Abstract
Cellular plasticity is a state in which cancer cells exist along a reversible phenotypic spectrum, and underlies key traits such as drug resistance and metastasis. Melanoma plasticity is linked to phenotype switching, where the microenvironment induces switches between invasive/MITFLO versus proliferative/MITFHI states. Since MITF also induces pigmentation, we hypothesize that macrometastatic success should be favoured by microenvironments that induce a MITFHI/differentiated/proliferative state. Zebrafish imaging demonstrates that after extravasation, melanoma cells become pigmented and enact a gene expression program of melanocyte differentiation. We screened for microenvironmental factors leading to phenotype switching, and find that EDN3 induces a state that is both proliferative and differentiated.
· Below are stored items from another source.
lemma right_reverse_factor:
  "lcm_factorization_below n L \<Longrightarrow> right_reverse k u w = Some (p, q) \<Longrightarrow>
   length (u @ V) \<le> L \<Longrightarrow> pos_word n (u @ V) \<Longrightarrow> pos_equiv n (u @ V) (w @ Y) \<Longrightarrow>
   \<exists>Z. pos_equiv n V (p @ Z) \<and> pos_equiv n Y (q @ Z)"
proof (induction k u w arbitrary: p q V Y rule: right_reverse.induct)
  case (2 k w)
  then show ?case by (intro exI[of _ Y]) simp
next
  case (3 k a u)
  then show ?case by (intro exI[of _ V]) (auto intro: pos_equiv_sym)
next
  case (4 k a u b w)
  note H = "4.prems"(1)
  from "4.prems"(2) obtain p1 q1 p2 q2 p3 q3 where
    r1: "right_reverse k u (band_compl a b) = Some (p1, q1)"
    and r2: "right_reverse k (band_compl b a) w = Some (p2, q2)"
    and r3: "right_reverse k q1 p2 = Some (p3, q3)" and pq: "p = p1 @ p3" "q = q2 @ q3"
    by (rule right_reverse_SomeE)
  have len: "length (u @ V) < L" and valid: "pos_word n (a # u @ V)"
    and eq: "pos_equiv n (a # u @ V) (b # w @ Y)"
    using "4.prems"(3-5) by auto
  obtain Z0 where z0: "pos_equiv n (u @ V) (band_compl a b @ Z0)"
    "pos_equiv n (w @ Y) (band_compl b a @ Z0)"
    using lcm_factorization_belowD[OF H len valid eq] by blast
  have valid_Z0: "pos_word n (band_compl a b @ Z0)" "pos_word n (band_compl b a @ Z0)"
    using pos_equiv_pos_word[OF z0(1)] pos_equiv_pos_word[OF z0(2)]
      pos_equiv_pos_word[OF eq valid] valid by auto
  have len_Z0: "length (band_compl b a @ Z0) \<le> L" "length Z0 \<le> L"
    using len pos_equiv_length[OF eq] pos_equiv_length[OF z0(1)] pos_equiv_length[OF z0(2)]
    by auto
  obtain Z1 where z1: "pos_equiv n V (p1 @ Z1)" "pos_equiv n Z0 (q1 @ Z1)"
    using "4.IH"(1)[OF H r1 _ _ z0(1)] len valid by auto
  obtain Z2 where z2: "pos_equiv n Z0 (p2 @ Z2)" "pos_equiv n Y (q2 @ Z2)"
    using "4.IH"(2)[OF r1 refl H r2 len_Z0(1) valid_Z0(2) pos_equiv_sym[OF z0(2)]] by blast
  have "pos_equiv n (q1 @ Z1) (p2 @ Z2)"
    using z1(2) z2(1) by (blast intro: pos_equiv_sym pos_equiv_trans)
  moreover have "pos_word n (q1 @ Z1)"
    using valid_Z0(1) pos_equiv_pos_word[OF z1(2)] by simp
  moreover have "length (q1 @ Z1) \<le> L"
    using len_Z0(2) pos_equiv_length[OF z1(2)] by simp
  ultimately obtain Z3 where z3: "pos_equiv n Z1 (p3 @ Z3)" "pos_equiv n Z2 (q3 @ Z3)"
    using "4.IH"(3)[OF r1 refl r2 refl H r3] by blast
  have "pos_equiv n V (p1 @ p3 @ Z3)"
    using z1(1) pos_equiv_append_left[OF z3(1)] by (rule pos_equiv_trans)
  moreover have "pos_equiv n Y (q2 @ q3 @ Z3)"
    using z2(2) pos_equiv_append_left[OF z3(2)] by (rule pos_equiv_trans)
  ultimately show ?case using pq by auto
qed simp

lemma lcm_factorization_front:
  assumes H: "lcm_factorization_below n L" and len: "length V < L"
    and valid: "pos_word n (a # x # V)" "valid_gen n b" "valid_gen n c"
    and "a \<noteq> c" and x: "band_compl a c = [x]" and y: "band_compl c a = [y]"
    and U: "pos_equiv n (y # V) (band_compl c b @ Z1)"
    and Y: "pos_equiv n Y (band_compl b c @ Z1)"
  shows "\<exists>Z. pos_equiv n (x # V) (band_compl a b @ Z) \<and>
    pos_equiv n Y (band_compl b a @ Z)"
proof -
  have valid_y: "valid_gen n y"
    using band_compl_pos_word[of n c a] valid y by simp
  consider "b = a" | "b = c" | "b \<noteq> a" "b \<noteq> c" by blast
  then show ?thesis
  proof cases
    case 1
    with U y have "pos_equiv n (y # V) (y # Z1)" by simp
    then have "pos_equiv n V Z1"
      using lcm_factorization_belowD[OF H len, of y y Z1] valid valid_y
      by (auto intro: pos_equiv_sym pos_equiv_trans)
    then have "pos_equiv n Y (x # V)"
      using Y x 1 by (auto intro: pos_equiv_trans pos_equiv_Cons pos_equiv_sym)
    then show ?thesis using 1 by (intro exI[of _ "x # V"]) simp
  next
    case 2
    then have "pos_equiv n Y (y # V)"
      using U Y by (auto intro: pos_equiv_sym pos_equiv_trans)
    then show ?thesis using 2 x y by (intro exI[of _ V]) simp
  next
    case 3
    obtain P Q R where
      PQ: "right_reverse 5 [y] (band_compl c b) = Some (P, Q)" and
      R: "right_reverse 5 (x # P) (band_compl a b) = Some ([], R)" and
      closed: "right_reverse 5 (band_compl b c @ Q) (band_compl b a @ R) = Some ([], [])"
      using band_cube[of n a b c x y] 3 valid \<open>a \<noteq> c\<close> x y
      unfolding cube_closes_iff by auto
    obtain Z2 where z2: "pos_equiv n V (P @ Z2)" "pos_equiv n Z1 (Q @ Z2)"
      using right_reverse_factor[OF H PQ, of V Z1] U len valid valid_y by auto
    have valid_PQ: "pos_word n P" "pos_word n Q"
      using right_reverse_pos_word[OF PQ] valid_y band_compl_pos_word valid by auto
    then have valid_R: "pos_word n R"
      using right_reverse_pos_word[OF R] band_compl_pos_word valid by auto
    have "pos_equiv n (x # V) (x # P @ Z2)" using z2(1) by (rule pos_equiv_Cons)
    also have "pos_equiv n \<dots> (band_compl a b @ R @ Z2)"
      using pos_equiv_append_right[OF right_reverse_pos_equiv[OF R]] valid valid_PQ
        band_compl_pos_word by auto
    finally have X: "pos_equiv n (x # V) (band_compl a b @ R @ Z2)" .
    have "pos_equiv n Y (band_compl b c @ Q @ Z2)"
      using Y pos_equiv_append_left[OF z2(2)] by (rule pos_equiv_trans)
    also have "pos_equiv n \<dots> (band_compl b a @ R @ Z2)"
      using pos_equiv_append_right[OF right_reverse_pos_equiv[OF closed]] valid valid_PQ valid_R
        band_compl_pos_word by auto
    finally show ?thesis using X by blast
  qed
qed

lemma lcm_factorization_Suc:
  assumes H: "lcm_factorization_below n L"
  shows "lcm_factorization_below n (Suc L)"
proof -
  have "\<exists>Z. pos_equiv n X (band_compl a b @ Z) \<and> pos_equiv n Y (band_compl b a @ Z)"
    if "(band_step n)\<^sup>*\<^sup>* (a # X) (b # Y)" and "length X = L" and "pos_word n (a # X)"
    for a b X Y
    using that
  proof (induction "a # X" arbitrary: a X rule: converse_rtranclp_induct)
    case base
    then show ?case by (intro exI[of _ Y]) simp
  next
    case (step W)
    obtain c U where W: "W = c # U" and "length U = L"
      using band_step_length[OF step.hyps(1)] step.prems(1) by (cases W) auto
    moreover have valid_W: "pos_word n W"
      using band_step_pos_word[OF step.hyps(1) step.prems(2)] .
    ultimately obtain Z1 where U: "pos_equiv n U (band_compl c b @ Z1)"
      and Y: "pos_equiv n Y (band_compl b c @ Z1)"
      using step.hyps(3) by blast
    have "pos_word n (b # Y)"
      using pos_equiv_pos_word[OF step.hyps(2)[folded pos_equiv_def] valid_W] .
    with band_step_Cons_cases[OF step.hyps(1)[unfolded W]] show ?case
    proof (elim disjE exE conjE)
      assume "c = a" and "band_step n X U"
      then have "pos_equiv n X U" unfolding pos_equiv_def by blast
      then show ?thesis using U Y \<open>c = a\<close> by (blast intro: pos_equiv_trans)
    next
      fix x y V
      assume X: "X = x # V" and "U = y # V" and front: "a \<noteq> c" "band_compl a c = [x]"
        "band_compl c a = [y]"
      then have "pos_equiv n (y # V) (band_compl c b @ Z1)" using U by simp
      moreover have "length V < L" "pos_word n (a # x # V)"
        using step.prems X by auto
      moreover have "valid_gen n b" "valid_gen n c"
        using \<open>pos_word n (b # Y)\<close> valid_W W by auto
      ultimately show ?thesis
        unfolding X using lcm_factorization_front[OF H _ _ _ _ front _ Y] by blast
    qed
  qed
  then show ?thesis
    using H unfolding lcm_factorization_below_def pos_equiv_def by (metis less_SucE)
qed

theorem lcm_factorization:
  assumes "pos_word n (a # X)" and "pos_equiv n (a # X) (b # Y)"
  shows "\<exists>Z. pos_equiv n X (band_compl a b @ Z) \<and> pos_equiv n Y (band_compl b a @ Z)"
proof -
  have "lcm_factorization_below n L" for L
  proof (induction L)
    case 0
    then show ?case by (simp add: lcm_factorization_below_def)
  next
    case (Suc L)
    then show ?case by (rule lcm_factorization_Suc)
  qed
  then show ?thesis using lcm_factorization_belowD assms by blast
qed

theorem theorem2p3:
  fixes n t s r q :: nat and X Y :: pword
  assumes "pos_word n X" and "pos_word n Y"
    and "n \<ge> t" and "t > s" and "s \<ge> 1"
    and "n \<ge> r" and "r > q" and "q \<ge> 1"
    and "pos_equiv n ((t, s) # X) ((r, q) # Y)"
  shows
    "(t = r \<and> s = q \<longrightarrow> pos_equiv n X Y)
   \<and> (t = r \<and> q < s \<longrightarrow> (\<exists>Z. pos_word n Z \<and>
          pos_equiv n X ((s, q) # Z) \<and> pos_equiv n Y ((t, s) # Z)))
   \<and> (t = r \<and> s < q \<longrightarrow> (\<exists>Z. pos_word n Z \<and>
          pos_equiv n X ((t, q) # Z) \<and> pos_equiv n Y ((q, s) # Z)))
   \<and> (t = q \<longrightarrow> (\<exists>Z. pos_word n Z \<and>
          pos_equiv n X ((r, s) # Z) \<and> pos_equiv n Y ((t, s) # Z)))
   \<and> (s = r \<longrightarrow> (\<exists>Z. pos_word n Z \<and>
          pos_equiv n X ((s, q) # Z) \<and> pos_equiv n Y ((t, q) # Z)))
   \<and> (s = q \<and> r < t \<longrightarrow> (\<exists>Z. pos_word n Z \<and>
          pos_equiv n X ((t, r) # Z) \<and> pos_equiv n Y ((t, s) # Z)))
   \<and> (s = q \<and> t < r \<longrightarrow> (\<exists>Z. pos_word n Z \<and>
          pos_equiv n X ((r, s) # Z) \<and> pos_equiv n Y ((r, t) # Z)))
   \<and> (distinct [t, s, r, q] \<and>
        (int t - int r) * (int t - int q) * (int s - int r) * (int s - int q) > 0
        \<longrightarrow> (\<exists>Z. pos_word n Z \<and>
          pos_equiv n X ((r, q) # Z) \<and> pos_equiv n Y ((t, s) # Z)))
   \<and> (q < s \<and> s < r \<and> r < t \<longrightarrow> (\<exists>Z. pos_word n Z \<and>
          pos_equiv n X ((t, r) # (s, q) # Z) \<and> pos_equiv n Y ((t, q) # (r, s) # Z)))
   \<and> (s < q \<and> q < t \<and> t < r \<longrightarrow> (\<exists>Z. pos_word n Z \<and>
          pos_equiv n X ((t, q) # (r, s) # Z) \<and> pos_equiv n Y ((r, t) # (q, s) # Z)))"
proof -
  have ts: "valid_gen n (t, s)" and rq: "valid_gen n (r, q)"
    using assms by (auto simp: valid_gen_def)
  obtain Z where X: "pos_equiv n X (band_compl (t, s) (r, q) @ Z)"
    and Y: "pos_equiv n Y (band_compl (r, q) (t, s) @ Z)"
    using lcm_factorization[of n "(t, s)" X "(r, q)" Y] assms(1,9) ts by auto
  have "pos_word n Z"
    using pos_equiv_pos_word[OF X assms(1)] by simp
  have linked: "pos_equiv n ((r, s) # (t, q) # Z) ((t, q) # (r, s) # Z)"
    if "q < s" "s < r" "r < t"
    using that assms by (intro pos_equiv_R1) (auto simp: valid_gen_def commute_product_pos_iff)
  show ?thesis
  proof (intro conjI impI)
    assume "t = r \<and> s = q"
    then show "pos_equiv n X Y" using X pos_equiv_sym[OF Y] by (auto intro: pos_equiv_trans)
  next
    assume "q < s \<and> s < r \<and> r < t"
    then show "\<exists>Z. pos_word n Z \<and>
      pos_equiv n X ((t, r) # (s, q) # Z) \<and> pos_equiv n Y ((t, q) # (r, s) # Z)"
      using X Y linked \<open>pos_word n Z\<close> by (auto simp: band_compl_def intro: pos_equiv_trans)
  qed (use X Y \<open>pos_word n Z\<close> assms(4,7) in
      \<open>auto simp: band_compl_def commute_product_pos_iff\<close>)
qed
CRISPR-mediated inactivation of EDN3, or its synthetic enzyme ECE2, from the microenvironment abrogates phenotype switching and increases animal survival. These results demonstrate that after metastatic dissemination, the microenvironment provides signals to promote phenotype switching and provide proof that targeting tumour cell plasticity is a viable therapeutic opportunity.
Highlights
Cellular plasticity is a state in which cancer cells exist along a reversible phenotypic spectrum, and underlies key traits such as drug resistance and metastasis
As switches between the invasive/MITFLO versus proliferative/ MITFHI states are posited to be due to microenvironmental factors, this would paradoxically imply that microenvironments which promote the differentiated cell state would be most strongly associated with metastatic success[4]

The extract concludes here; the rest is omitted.